Non‐Surgical Treatment of Bilateral Dens Invaginatus in Maxillary Lateral Incisors: A Case Report
Ali Chamani, Maryam Forghani, Ghazal Asadi

TL;DR
This case report describes the successful non-surgical treatment of a rare dental condition in two upper front teeth, showing that early detection and proper treatment can lead to healing.
Contribution
The paper presents a novel case of bilateral type II dens invaginatus treated non-surgically with successful long-term outcomes.
Findings
Non-surgical treatment methods were successfully applied to both maxillary lateral incisors with different conditions.
A two-year follow-up showed complete healing and no symptoms, confirming the effectiveness of the treatment.

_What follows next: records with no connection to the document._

(* Let $\alpha\in\alpha_0\mathbb{Z}$ with $\frac{1}{\sqrt2}\le|\alpha|\le1$, $d=\alpha^2/2$, and fix $s\in\mathbb{Z}$. Then the vectors $(Y_{\alpha,-n-d}\otimes Y_{\alpha,-n-d-s})(\Omega_0\otimes\Omega_0)$, $n\in\mathbb{Z}$, are mutually orthogonal and the series $\sum_{n\in\mathbb{Z}}(Y_{\alpha,-n-d}\otimes Y_{\alpha,-n-d-s})(\Omega_0\otimes\Omega_0)$ does not converge in $\hat{\mathcal H}\otimes\hat{\mathcal H}$ (the sum of the squared norms of its terms is infinite). Consequently no operator of the form $\sum_n Y_{\alpha,-n-d}\otimes Y_{\alpha,-n-d-s}$ can be defined by this series on a domain containing $\Omega_0\otimes\Omega_0$.
   Context: For $\beta\in\mathbb{R}$ let $\mathcal H_\beta$ be the Hilbert space carrying a unitary representation of the Heisenberg algebra: operators $J_{\beta,n}$, $n\in\mathbb{Z}$, with $[J_{\beta,m},J_{\beta,n}]=m\,\delta_{m+n,0}$, $J_{\beta,n}^*=J_{\beta,-n}$, $J_{\beta,0}=\beta\cdot\mathbf 1$, and a cyclic unit vector $\Omega_\beta$ with $J_{\beta,n}\Omega_\beta=0$ for $n>0$; $\mathcal H_\beta$ is the closure of the span $\mathcal H_\beta^{\rm fin}$ of the vectors $J_{\beta,-n_1}\cdots J_{\beta,-n_k}\Omega_\beta$, $n_i>0$. Fix $\alpha_0\in\mathbb{R}$ with $0<|\alpha_0|\le1$ and set $\hat{\mathcal H}=\bigoplus_{j\in\mathbb{Z}}\mathcal H_{j\alpha_0}$, $\hat J_n=\bigoplus_j J_{j\alpha_0,n}$. For $\alpha\in\alpha_0\mathbb{Z}$ let $c_\alpha$ be the unitary on $\hat{\mathcal H}$ mapping $\mathcal H_\beta\to\mathcal H_{\beta+\alpha}$ by $c_\alpha \hat J_{-n_1}\cdots\hat J_{-n_k}\Omega_\beta=\hat J_{-n_1}\cdots\hat J_{-n_k}\Omega_{\beta+\alpha}$ ($n_i>0$). Define the formal series $E^{\pm}(\alpha,z)=\exp\bigl(\mp\sum_{n>0}\frac{\alpha\hat J_{\pm n}}{n}z^{\mp n}\bigr)$ and $Y_\alpha(z)=c_\alpha E^-(\alpha,z)E^+(\alpha,z)z^{\alpha\hat J_0}$, where $z^{\alpha\hat J_0}$ acts as $z^{\alpha\beta}$ on $\mathcal H_\beta$. With $d=\alpha^2/2$ write $Y_\alpha(z)=\sum_{s\in\mathbb{R}}Y_{\alpha,s}z^{-s-d}$; the coefficient $Y_{\alpha,s}$ maps $\mathcal H_\beta$ into $\mathcal H_{\beta+\alpha}$ and is nonzero on $\mathcal H_\beta$ only for $s\in\mathbb{Z}-\alpha\beta-d$. For $|\alpha|\le1$ these are bounded operators, and one has $\|Y_{\alpha,-n-d}\Omega_0\|^2=\binom{2d+n-1}{n}=\frac{\Gamma(2d+n)}{\Gamma(n+1)\Gamma(2d)}$ for integers $n\ge0$ (and $Y_{\alpha,-n-d}\Omega_0=0$ for $n<0$). *)

theory Defs
  imports "HOL-Analysis.Analysis" "HOL-Library.Poly_Mapping"
begin

text \<open>Concrete (Fock / polynomial) model of hat-H^fin = direct sum over j of H_{j alpha0}^fin.
  A basis vector is a pair (j, m): j the sector (beta = j*alpha0), m a monomial,
  m i = multiplicity of the creation operator J_{-(i+1)}.\<close>

type_synonym mono = "nat \<Rightarrow>\<^sub>0 nat"
type_synonym vec = "int \<times> mono \<Rightarrow> complex"

definition fin_vec :: "vec \<Rightarrow> bool" where
  "fin_vec f \<longleftrightarrow> finite {b. f b \<noteq> 0}"

text \<open>squared norm of the basis vector J_{-1}^{m 0} J_{-2}^{m 1} ... Omega\<close>
definition weight :: "mono \<Rightarrow> real" where
  "weight m = (\<Prod>i\<in>Poly_Mapping.keys m. real (Suc i) ^ Poly_Mapping.lookup m i * fact (Poly_Mapping.lookup m i))"

definition inner_vec :: "vec \<Rightarrow> vec \<Rightarrow> complex" where
  "inner_vec f g = (\<Sum>b | f b \<noteq> 0 \<and> g b \<noteq> 0. cnj (f b) * g b * complex_of_real (weight (snd b)))"

definition scal :: "complex \<Rightarrow> vec \<Rightarrow> vec" where
  "scal c f = (\<lambda>b. c * f b)"

text \<open>Heisenberg operators hat J_n: J_{-n} creation (multiplication by x_n),
  J_n = n d/dx_n for n>0, J_0 = beta on sector beta = j*alpha0.\<close>
definition J :: "real \<Rightarrow> int \<Rightarrow> vec \<Rightarrow> vec" where
  "J \<alpha>0 n f = (\<lambda>(j, m).
     if n < 0 then
       (if 0 < Poly_Mapping.lookup m (nat (- n) - 1)
        then f (j, m - Poly_Mapping.single (nat (- n) - 1) 1) else 0)
     else if 0 < n then
       of_int n * of_nat (Suc (Poly_Mapping.lookup m (nat n - 1))) * f (j, m + Poly_Mapping.single (nat n - 1) 1)
     else complex_of_real (of_int j * \<alpha>0) * f (j, m))"

definition vac :: "int \<Rightarrow> vec" where
  "vac j = (\<lambda>b. if b = (j, 0) then 1 else 0)"

text \<open>c_alpha for alpha = a*alpha0: maps H_beta to H_{beta+alpha}, monomials unchanged\<close>
definition cop :: "real \<Rightarrow> real \<Rightarrow> vec \<Rightarrow> vec" where
  "cop \<alpha>0 \<alpha> f = (\<lambda>(j, m). f (j - (THE a::int. \<alpha> = of_int a * \<alpha>0), m))"

definition compositions :: "nat \<Rightarrow> nat list set" where
  "compositions k = {ks. (\<forall>x\<in>set ks. 0 < x) \<and> sum_list ks = k}"

text \<open>coefficient of z^k in E^-(alpha,z) = exp(X), X = sum_{n>0} (alpha/n) J_{-n} z^n:
  sum over r of (1/r!) * [z^k] X^r\<close>
definition Em :: "real \<Rightarrow> real \<Rightarrow> nat \<Rightarrow> vec \<Rightarrow> vec" where
  "Em \<alpha>0 \<alpha> k f = (\<lambda>b. \<Sum>ks\<in>compositions k.
      complex_of_real (1 / fact (length ks)) *
      foldr (\<lambda>n g. scal (complex_of_real (\<alpha> / real n)) (J \<alpha>0 (- int n) g)) ks f b)"

text \<open>coefficient of z^{-l} in E^+(alpha,z) = exp(-sum_{n>0} (alpha/n) J_n z^{-n})\<close>
definition Ep :: "real \<Rightarrow> real \<Rightarrow> nat \<Rightarrow> vec \<Rightarrow> vec" where
  "Ep \<alpha>0 \<alpha> l f = (\<lambda>b. \<Sum>ks\<in>compositions l.
      complex_of_real (1 / fact (length ks)) *
      foldr (\<lambda>n g. scal (complex_of_real (- \<alpha> / real n)) (J \<alpha>0 (int n) g)) ks f b)"

text \<open>Y_{alpha,s}: coefficient of z^{-s-d} (d = alpha^2/2) in
  Y_alpha(z) = c_alpha E^-(alpha,z) E^+(alpha,z) z^{alpha J_0}; on sector beta = j*alpha0 the
  term E^-_k E^+_l contributes to z^{k - l + alpha*beta}.\<close>
definition Ycoef :: "real \<Rightarrow> real \<Rightarrow> real \<Rightarrow> vec \<Rightarrow> vec" where
  "Ycoef \<alpha>0 \<alpha> s f = cop \<alpha>0 \<alpha> (\<lambda>(j, m).
      \<Sum>\<^sub>\<infinity>p \<in> {p :: nat \<times> nat. real (fst p) - real (snd p) + \<alpha> * (of_int j * \<alpha>0) = - s - \<alpha>\<^sup>2 / 2}.
        Em \<alpha>0 \<alpha> (fst p) (Ep \<alpha>0 \<alpha> (snd p) f) (j, m))"

type_synonym tvec = "(int \<times> mono) \<times> (int \<times> mono) \<Rightarrow> complex"

definition tensor :: "vec \<Rightarrow> vec \<Rightarrow> tvec" where
  "tensor f g = (\<lambda>(b1, b2). f b1 * g b2)"

definition inner_tens :: "tvec \<Rightarrow> tvec \<Rightarrow> complex" where
  "inner_tens F G = (\<Sum>b | F b \<noteq> 0 \<and> G b \<noteq> 0.
      cnj (F b) * G b * complex_of_real (weight (snd (fst b)) * weight (snd (snd b))))"

definition tnorm :: "tvec \<Rightarrow> real" where
  "tnorm F = sqrt (Re (inner_tens F F))"

definition psum :: "(int \<Rightarrow> tvec) \<Rightarrow> nat \<Rightarrow> tvec" where
  "psum v N = (\<lambda>x. \<Sum>n\<in>{- int N..int N}. v n x)"

end

theory Submission
  imports Defs "HOL-Combinatorics.Multiset_Permutations"
begin

text \<open>
  \<open>E\<^sup>+\<close> kills the vacuum, so \<open>Y\<^sub>\<alpha>\<^sub>,\<^sub>-\<^sub>n\<^sub>-\<^sub>d \<Omega>\<^sub>0\<close> is \<open>c\<^sub>\<alpha>\<close> applied to the \<open>z\<^sup>n\<close>-coefficient of
  \<open>exp (\<Sum>k>0. \<alpha> J\<^sub>-\<^sub>k z\<^sup>k / k) \<Omega>\<^sub>0\<close>, a combination of the monomials \<open>\<Prod>k\<in>#M. J\<^sub>-\<^sub>k \<Omega>\<^sub>\<alpha>\<close> over the partitions
  \<open>M\<close> of \<open>n\<close>. Vectors of different degree \<open>n\<close> are orthogonal, hence so are the tensor products.
  Summing the squared norms of the components over partitions is the cycle index computation
  \<open>\<Sum>\<^sub>M \<Prod>\<^sub>x (\<alpha>\<^sup>2/x)^m\<^sub>x / m\<^sub>x! = pochhammer (\<alpha>\<^sup>2) n / n!\<close>, and for \<open>\<alpha>\<^sup>2 \<ge> 1/2\<close> this is at least
  \<open>1 / (2 \<surd>n)\<close>. The squared norms of the terms of the series are thus bounded below by a
  multiple of \<open>1/n\<close>; they are not summable, and by Pythagoras the symmetric partial sums are
  not a Cauchy sequence.
\<close>

section \<open>Compositions and partitions\<close>

lemma compositions_0: "compositions 0 = {[]}"
  by (auto simp: compositions_def) (metis neq_Nil_conv list.set_intros(1) less_irrefl)

lemma finite_compositions: "finite (compositions k)"
proof (rule finite_subset)
  show "compositions k \<subseteq> {xs. set xs \<subseteq> {0..k} \<and> length xs \<le> k}"
  proof
    fix xs assume "xs \<in> compositions k"
    hence pos: "\<forall>x\<in>set xs. 0 < x" and sum: "sum_list xs = k" by (auto simp: compositions_def)
    have "length xs \<le> sum_list xs" using pos by (induction xs) (auto simp: Suc_le_eq)
    then show "xs \<in> {xs. set xs \<subseteq> {0..k} \<and> length xs \<le> k}"
      using sum member_le_sum_list by fastforce
  qed
qed (rule finite_lists_length_le, simp)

Early detection and tailored treatment are crucial for managing teeth with dens invaginatus.
Abstract
Dens invaginatus (DI) is a dental developmental malformation, with 43% of the reported cases involving bilateral occurrence. Based on its manifestations, DI is classified into different types. Due to the complex anatomy, teeth with DI are more susceptible to caries and pulpitis and are commonly associated with incomplete root formation. The correct diagnosis in these cases requires a combination of clinical examinations, pulp sensitivity tests, and radiographic examinations. The treatment plan may vary from a simple conservative sealing of the invagination to extraction of the involved tooth, depending on the extent of the tooth involvement and severity of the condition. This article reports a case of type II bilateral invagination of two maxillary lateral incisors, the maxillary left lateral incisor with necrotic pulp associated with a large periapical lesion and the maxillary right…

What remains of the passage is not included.